==== Records for the exercise

(* Let $n\in\mathbb{N}$ and let $k$ be an integer with $0\le k\le n-1$. Then $$|PF_{n+1,k}| = \sum_{i=0}^{n} \binom{n}{i}\, \min\big((i+1)+k,\; n+1\big)\, |PF_{i,k}|\,(n-i+1)^{n-i-1},$$ with the convention $|PF_{0,k}|=1$.
   Context: For $n\in\mathbb{N}=\{1,2,\dots\}$ let $[n]=\{1,\dots,n\}$. A parking preference of length $n$ is a tuple $\alpha=(a_1,\dots,a_n)\in[n]^n$; let $PP_n=[n]^n$. For an integer $k\ge 0$, the $k$-Naples parking rule is as follows. There are $n$ parking spots numbered $1,\dots,n$ from west to east, initially empty, and cars $c_1,\dots,c_n$ arrive in this order; car $c_i$ has preferred spot $a_i$. If spot $a_i$ is empty, $c_i$ parks there. Otherwise $c_i$ checks the spots $a_i-1,a_i-2,\dots,a_i-k$, in this order, skipping any that are $<1$, and parks in the first empty one among them. If all these spots are occupied (or there are none), $c_i$ drives east and parks in the first empty spot with number greater than $a_i$; if there is no such spot, $c_i$ fails to park. $\alpha$ is a $k$-Naples parking function of length $n$ if every car parks. $PF_{n,k}$ denotes the set of $k$-Naples parking functions of length $n$ (defined for every integer $k\ge 0$). For $k=0$ this is the classical parking rule, and $PF_{n,0}=PF_n$ is the set of classical parking functions. *)

theory Defs
  imports Main
begin

text \<open>Spots a-j with j < a are exactly those >= 1.\<close>
definition park_step :: "nat \<Rightarrow> nat \<Rightarrow> nat set \<Rightarrow> nat \<Rightarrow> nat option" where
  "park_step k n occ a =
    (if a \<notin> occ then Some a
     else if (\<exists>j. 1 \<le> j \<and> j \<le> k \<and> j < a \<and> a - j \<notin> occ)
       then Some (a - (LEAST j. 1 \<le> j \<and> j \<le> k \<and> j < a \<and> a - j \<notin> occ))
     else if (\<exists>s. a < s \<and> s \<le> n \<and> s \<notin> occ)
       then Some (LEAST s. a < s \<and> s \<le> n \<and> s \<notin> occ)
     else None)"
lemma lin_span_subset_H2:
  assumes "S \<subseteq> H2"
  shows "lin_span S \<subseteq> H2"
proof
  fix x
  assume "x \<in> lin_span S"
  then obtain m :: nat and c v where x: "x = (\<lambda>k. \<Sum>i<m. c i * v i k)" and v: "\<forall>i<m. v i \<in> S"
    unfolding lin_span_def by blast
  have "(\<lambda>k. \<Sum>i<m'. c i * v i k) \<in> H2" if "m' \<le> m" for m'
    using that
  proof (induction m')
    case 0
    then show ?case by (simp add: H2_finite_support)
  next
    case (Suc m')
    have "v m' \<in> H2"
      using Suc.prems v assms by auto
    then show ?case
      using H2_lin_comb[OF Suc.IH, of "v m'" 1 "c m'"] Suc.prems by simp
  qed
  then show "x \<in> H2"
    unfolding x by simp
qed

definition closed_span :: "(nat \<Rightarrow> complex) set \<Rightarrow> (nat \<Rightarrow> complex) set" where
  "closed_span E = {f \<in> H2. \<forall>\<epsilon>>0. \<exists>g\<in>lin_span E. h2_norm (\<lambda>k. f k - g k) < \<epsilon>}"

lemma dense_in_H2_if_closed_span: "H2 \<subseteq> closed_span E \<Longrightarrow> dense_in_H2 (lin_span E)"
  unfolding dense_in_H2_def closed_span_def by blast

lemma closed_span_subset_H2: "closed_span E \<subseteq> H2"
  unfolding closed_span_def by blast

lemma lin_span_subset_closed_span:
  assumes "E \<subseteq> H2"
  shows "lin_span E \<subseteq> closed_span E"
proof
  fix g
  assume g: "g \<in> lin_span E"
  then have "h2_norm (\<lambda>k. g k - g k) = 0"
    by (simp add: h2_norm_def)
  then show "g \<in> closed_span E"
    unfolding closed_span_def using g lin_span_subset_H2[OF assms] by (auto intro!: bexI[of _ g])
qed

lemma closed_span_approx:
  assumes E: "E \<subseteq> H2" and f: "f \<in> H2"
    and approx: "\<And>\<epsilon>. \<epsilon> > 0 \<Longrightarrow> \<exists>h\<in>closed_span E. h2_norm (\<lambda>k. f k - h k) < \<epsilon>"
  shows "f \<in> closed_span E"
proof -
  have "\<exists>g\<in>lin_span E. h2_norm (\<lambda>k. f k - g k) < \<epsilon>" if "\<epsilon> > 0" for \<epsilon>
  proof -
    have half: "\<epsilon>/2 > 0"
      using that by simp
    obtain h where h: "h \<in> closed_span E" "h2_norm (\<lambda>k. f k - h k) < \<epsilon>/2"
      using approx[OF half] by blast
    then obtain g where g: "g \<in> lin_span E" "h2_norm (\<lambda>k. h k - g k) < \<epsilon>/2"
      using half unfolding closed_span_def by blast
    have "h \<in> H2" "g \<in> H2"
      using h(1) g(1) closed_span_subset_H2 lin_span_subset_H2[OF E] by blast+
    then have "h2_norm (\<lambda>k. f k - g k) \<le> h2_norm (\<lambda>k. f k - h k) + h2_norm (\<lambda>k. h k - g k)"
      by (intro h2_norm_diff_triangle f)
    then have "h2_norm (\<lambda>k. f k - g k) < \<epsilon>"
      using h(2) g(2) by linarith
    then show ?thesis
      using g(1) by blast
  qed
  then show ?thesis
    unfolding closed_span_def using f by blast
qed

lemma closed_span_add:
  assumes E: "E \<subseteq> H2" and x: "x \<in> closed_span E" and y: "y \<in> closed_span E"
  shows "(\<lambda>k. x k + y k) \<in> closed_span E"
proof -
  have "\<exists>g\<in>lin_span E. h2_norm (\<lambda>k. x k + y k - g k) < \<epsilon>" if "\<epsilon> > 0" for \<epsilon>
  proof -
    have half: "\<epsilon>/2 > 0"
      using that by simp
    obtain g1 where g1: "g1 \<in> lin_span E" "h2_norm (\<lambda>k. x k - g1 k) < \<epsilon>/2"
      using x half unfolding closed_span_def by blast
    obtain g2 where g2: "g2 \<in> lin_span E" "h2_norm (\<lambda>k. y k - g2 k) < \<epsilon>/2"
      using y half unfolding closed_span_def by blast
    have "x \<in> H2" "y \<in> H2" "g1 \<in> H2" "g2 \<in> H2"
      using x y g1(1) g2(1) closed_span_subset_H2 lin_span_subset_H2[OF E] by blast+
    then have "h2_norm (\<lambda>k. (x k - g1 k) + (y k - g2 k))
        \<le> h2_norm (\<lambda>k. x k - g1 k) + h2_norm (\<lambda>k. y k - g2 k)"
      by (intro H2_add(2) H2_diff)
    then have "h2_norm (\<lambda>k. x k + y k - (g1 k + g2 k)) < \<epsilon>"
      using g1(2) g2(2) by (simp add: algebra_simps)
    moreover have "(\<lambda>k. g1 k + g2 k) \<in> lin_span E"
      using lin_span_lin_comb[OF g1(1) g2(1), of 1 1] by simp
    ultimately show ?thesis
      by fastforce
  qed
  moreover have "(\<lambda>k. x k + y k) \<in> H2"
    using x y closed_span_subset_H2 by (auto intro: H2_add)
  ultimately show ?thesis
    unfolding closed_span_def by blast
qed

lemma closed_span_scale:
  assumes E: "E \<subseteq> H2" and x: "x \<in> closed_span E"
  shows "(\<lambda>k. c * x k) \<in> closed_span E"
proof -
  have "\<exists>g\<in>lin_span E. h2_norm (\<lambda>k. c * x k - g k) < \<epsilon>" if "\<epsilon> > 0" for \<epsilon>
  proof -
    have "\<epsilon> / (cmod c + 1) > 0"
      using \<open>\<epsilon> > 0\<close> by (simp add: add_nonneg_pos)
    then obtain g where g: "g \<in> lin_span E" "h2_norm (\<lambda>k. x k - g k) < \<epsilon> / (cmod c + 1)"
      using x unfolding closed_span_def by blast
    have "h2_norm (\<lambda>k. c * x k - c * g k) = cmod c * h2_norm (\<lambda>k. x k - g k)"
      using H2_scale(2)[OF H2_diff, of x g c] x g closed_span_subset_H2 lin_span_subset_H2[OF E]
      by (auto simp: algebra_simps)
    also have "\<dots> \<le> cmod c * (\<epsilon> / (cmod c + 1))"
      using g(2) by (intro mult_left_mono) auto
    also have "\<dots> = \<epsilon> * (cmod c / (cmod c + 1))"
      by simp
    also have "\<dots> < \<epsilon> * 1"
      using \<open>\<epsilon> > 0\<close> by (intro mult_strict_left_mono) (auto simp: divide_less_eq_1_pos add_nonneg_pos)
    finally show ?thesis
      using lin_span_lin_comb[OF g(1) g(1), of c 0] by force
  qed
  moreover have "(\<lambda>k. c * x k) \<in> H2"
    using x closed_span_subset_H2 by (auto intro: H2_scale)
  ultimately show ?thesis
    unfolding closed_span_def by blast
qed

lemma closed_span_lin_comb:
  assumes "E \<subseteq> H2" "x \<in> closed_span E" "y \<in> closed_span E"
  shows "(\<lambda>k. a * x k + b * y k) \<in> closed_span E"
  using closed_span_add[OF assms(1) closed_span_scale[OF assms(1,2)] closed_span_scale[OF assms(1,3)]] .

lemma closed_span_sum:
  fixes m :: nat
  assumes "E \<subseteq> H2" "\<And>i. i < m \<Longrightarrow> v i \<in> closed_span E"
  shows "(\<lambda>k. \<Sum>i<m. c i * v i k) \<in> closed_span E"
  using assms(2)
proof (induction m)
  case 0
  then show ?case
    using lin_span_subset_closed_span[OF assms(1)] zero_in_lin_span by auto
next
  case (Suc m)
  then show ?case
    using closed_span_lin_comb[OF assms(1) Suc.IH, of "v m" 1 "c m"] by simp
qed

lemma closed_span_invariant:
  assumes E: "E \<subseteq> H2" and C: "C > 0"
    and T_H2: "\<And>f. f \<in> H2 \<Longrightarrow> T f \<in> H2"
    and T_sum: "\<And>m c v. T (\<lambda>k. \<Sum>i<(m::nat). c i * v i k) = (\<lambda>k. \<Sum>i<m. c i * T (v i) k)"
    and T_bounded: "\<And>f g. f \<in> H2 \<Longrightarrow> g \<in> H2 \<Longrightarrow>
      h2_norm (\<lambda>k. T f k - T g k) \<le> C * h2_norm (\<lambda>k. f k - g k)"
    and T_E: "\<And>v. v \<in> E \<Longrightarrow> T v \<in> closed_span E"
    and x: "x \<in> closed_span E"
  shows "T x \<in> closed_span E"
proof (rule closed_span_approx[OF E T_H2])
  show "x \<in> H2"
    using x closed_span_subset_H2 by blast
  fix \<epsilon> :: real
  assume "\<epsilon> > 0"
  then have "\<epsilon> / C > 0"
    using C by simp
  then obtain g where g: "g \<in> lin_span E" "h2_norm (\<lambda>k. x k - g k) < \<epsilon> / C"
    using x unfolding closed_span_def by blast
  obtain m :: nat and c v where "g = (\<lambda>k. \<Sum>i<m. c i * v i k)" and "\<forall>i<m. v i \<in> E"
    using g(1) unfolding lin_span_def by blast
  then have "T g \<in> closed_span E"
    using closed_span_sum[OF E] T_E by (simp add: T_sum)
  moreover have "h2_norm (\<lambda>k. T x k - T g k) < \<epsilon>"
  proof -
    have "h2_norm (\<lambda>k. T x k - T g k) \<le> C * h2_norm (\<lambda>k. x k - g k)"
      using T_bounded x g(1) closed_span_subset_H2 lin_span_subset_H2[OF E] by blast
    also have "\<dots> < \<epsilon>"
      using g(2) C by (simp add: pos_less_divide_eq mult.commute)
    finally show ?thesis .
  qed
  ultimately show "\<exists>h\<in>closed_span E. h2_norm (\<lambda>k. T x k - h k) < \<epsilon>"
    by blast
qed

section \<open>Invariance of the closed span of eigenvectors under W_n\<close>

definition disc_eigenspaces :: "nat \<Rightarrow> (nat \<Rightarrow> complex) set" where
  "disc_eigenspaces n = (\<Union>\<mu>\<in>{\<mu>::complex. cmod \<mu> < 1}. ker_Wadj n \<mu>)"

lemma disc_eigenspaces_subset_H2: "disc_eigenspaces n \<subseteq> H2"
  unfolding disc_eigenspaces_def ker_Wadj_def by auto

lemma disc_eigenspacesI:
  assumes "n > 0" "g \<in> H2" "block_sum n g = (\<lambda>k. \<mu> * g k)" "cmod \<mu> < 1"
  shows "g \<in> disc_eigenspaces n"
  using assms ker_Wadj_iff[OF assms(1)] unfolding disc_eigenspaces_def by blast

========

* **Instructions to follow**: Give the count of lines in the records above that hold the string "prems", and only that count.

* **Response area**: 2